Oleh Ivanovych Ishchenko (Олег Іванович Іщенко; born 10 October 1956) is a Ukrainian politician who was a People's Deputy of Ukraine from 1995 to 2002, representing the city of Chernivtsi's 1 May District from 1995 to 1998 and Ukraine's 165th electoral district in Ternopil Oblast from 1998 to 2002.

== Biography ==
Oleh Ivanovych Ishchenko was born 10 October 1956 in the city of Berezhany, in western Ukraine, to an ethnically Ukrainian family.

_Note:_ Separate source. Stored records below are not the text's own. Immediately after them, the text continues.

(* Let $d \geq 1$ be a fixed integer, let $p_n \in \mathbb{N}$ with $p_n > d$, and let $W_n \sim \mathcal{W}_{p_n}(I_{p_n}/n, n)$, partitioned as $$W_n = \begin{pmatrix} W_{n,11} & W_{n,12} \\ W_{n,21} & W_{n,22} \end{pmatrix},$$ where $W_{n,11}$ has size $d \times d$. Then, as $n, p_n \to \infty$: (1) if $p_n/n \to 0$, then $\mathrm{tr}(W_{n,12}W_{n,21}) = \mathcal{O}_p(p_n/n)$; (2) if $p_n/n \to \infty$ and $p_n/(n\sqrt{\lambda_n}) \to 0$ for some sequence $\lambda_n \to \infty$, then $\mathrm{tr}(W_{n,12}W_{n,21}) = o_p(\sqrt{\lambda_n})$.
   Context: $\mathcal{W}_p(\Sigma, \nu)$ denotes the $p \times p$ Wishart distribution with scale matrix $\Sigma$ and $\nu$ degrees of freedom; thus $W_n$ is distributed as $\frac{1}{n}\sum_{i=1}^n z_i z_i'$ for i.i.d. $z_i \sim \mathcal{N}_{p_n}(0, I_{p_n})$. $\mathcal{O}_p$ and $o_p$ denote stochastic boundedness and convergence to zero in probability (relative to the indicated rate). *)

theory Defs
  imports "HOL-Probability.Probability"
begin

text \<open>Entry (a,b) of W_n = (1/n) sum_{i<n} z_i z_i', with z_i = (X n i 0, ..., X n i (p_n - 1)).\<close>
definition wishart_W :: "(nat \<Rightarrow> nat \<Rightarrow> nat \<Rightarrow> 'a \<Rightarrow> real) \<Rightarrow> nat \<Rightarrow> nat \<Rightarrow> nat \<Rightarrow> 'a \<Rightarrow> real" where
  "wishart_W X n a b \<omega> = (1 / real n) * (\<Sum>i<n. X n i a \<omega> * X n i b \<omega>)"

definition tr_W12_W21 :: "nat \<Rightarrow> (nat \<Rightarrow> nat) \<Rightarrow> (nat \<Rightarrow> nat \<Rightarrow> nat \<Rightarrow> 'a \<Rightarrow> real) \<Rightarrow> nat \<Rightarrow> 'a \<Rightarrow> real" where
  "tr_W12_W21 d p X n \<omega> =
     (\<Sum>a<d. \<Sum>b\<in>{d..<p n}. wishart_W X n a b \<omega> * wishart_W X n b a \<omega>)"

definition bigO_p :: "'a measure \<Rightarrow> (nat \<Rightarrow> 'a \<Rightarrow> real) \<Rightarrow> (nat \<Rightarrow> real) \<Rightarrow> bool" where
  "bigO_p M Y r \<longleftrightarrow> (\<forall>\<epsilon>>0. \<exists>C. \<exists>N. \<forall>n\<ge>N.
      measure M {\<omega>\<in>space M. \<bar>Y n \<omega>\<bar> > C * r n} < \<epsilon>)"

definition smallo_p :: "'a measure \<Rightarrow> (nat \<Rightarrow> 'a \<Rightarrow> real) \<Rightarrow> (nat \<Rightarrow> real) \<Rightarrow> bool" where
  "smallo_p M Y r \<longleftrightarrow> (\<forall>\<epsilon>>0.
      ((\<lambda>n. measure M {\<omega>\<in>space M. \<bar>Y n \<omega>\<bar> > \<epsilon> * r n}) \<longlongrightarrow> 0) sequentially)"

end

theory Submission imports Defs begin

text \<open>Since \<open>W\<^sub>n\<close> is symmetric, \<open>tr(W\<^sub>n\<^sub>,\<^sub>1\<^sub>2 W\<^sub>n\<^sub>,\<^sub>2\<^sub>1)\<close> is the sum of the squares of
the \<open>d(p\<^sub>n - d)\<close> entries of \<open>W\<^sub>n\<^sub>,\<^sub>1\<^sub>2\<close>. An off-diagonal entry
\<open>W\<^sub>a\<^sub>b = n\<^sup>-\<^sup>1 \<Sum>\<^sub>i X\<^sub>i\<^sub>a X\<^sub>i\<^sub>b\<close> has second moment \<open>1/n\<close>: in the expansion of its square
only the \<open>n\<close> products \<open>X\<^sub>i\<^sub>a\<^sup>2 X\<^sub>i\<^sub>b\<^sup>2\<close> have nonzero mean, by independence and centring.
So the trace is a nonnegative variable of mean \<open>d(p\<^sub>n - d)/n\<close>, and Markov's inequality gives
\<open>P(tr > c) \<le> d p\<^sub>n/(n c)\<close>. Taking \<open>c = C p\<^sub>n/n\<close> gives (1), and \<open>c = \<epsilon> sqrt \<lambda>\<^sub>n\<close> gives (2).\<close>

lemma (in prob_space) std_normal_integrable_power:
  assumes "distributed M lborel Y std_normal_density"
  shows "integrable M (\<lambda>\<omega>. Y \<omega> ^ m)"
  using distributed_integrable[OF assms, of "\<lambda>x. x ^ m"] integrable_std_normal_moment[of m]
  by simp

lemma (in prob_space) std_normal_second_moment:
  assumes "distributed M lborel Y std_normal_density"
  shows "expectation (\<lambda>\<omega>. Y \<omega> ^ 2) = 1"
  using standard_normal_distributed_variance[OF assms]
    standard_normal_distributed_expectation[OF assms]
  by simp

He studied at Taras Shevchenko University of Kyiv, graduating from the law faculty in 1978, and he worked as a lawyer in the city of Chernihiv from 1978 to 1991 before serving as director of several companies.

Ishchenko was first elected to the Verkhovna Rada (Ukrainian parliament) in the 1994 Ukrainian parliamentary election for the city of Chernivtsi's 1 May District. At the time of his election, he was an independent and chairman of the board at a company known as the Russian-Ukrainian Petroleum Society.

During the 1998 Ukrainian parliamentary election Ishchenko was re-elected to the Verkhovna Rada, this time representing the newly-established 165th electoral district in Ternopil Oblast. At the time, he was a member of the People's Movement of Ukraine (abbreviated Rukh). He was involved in Rukhs 1999 split, after party leader Viacheslav Chornovil described him as a "gas oil shark" and claimed that he had bribed the faction of Rukh opposed to Chornovil with one million dollars to remove him from office. He left Rukh in October of the same year to join the Social Democratic Party of Ukraine (united), which he was part of until July 2000, when he joined Petro Poroshenko's Solidarity faction. He was a member of the Finance and Banking Activities Committee.

Ishchenko did not run in the 2002 Ukrainian parliamentary election.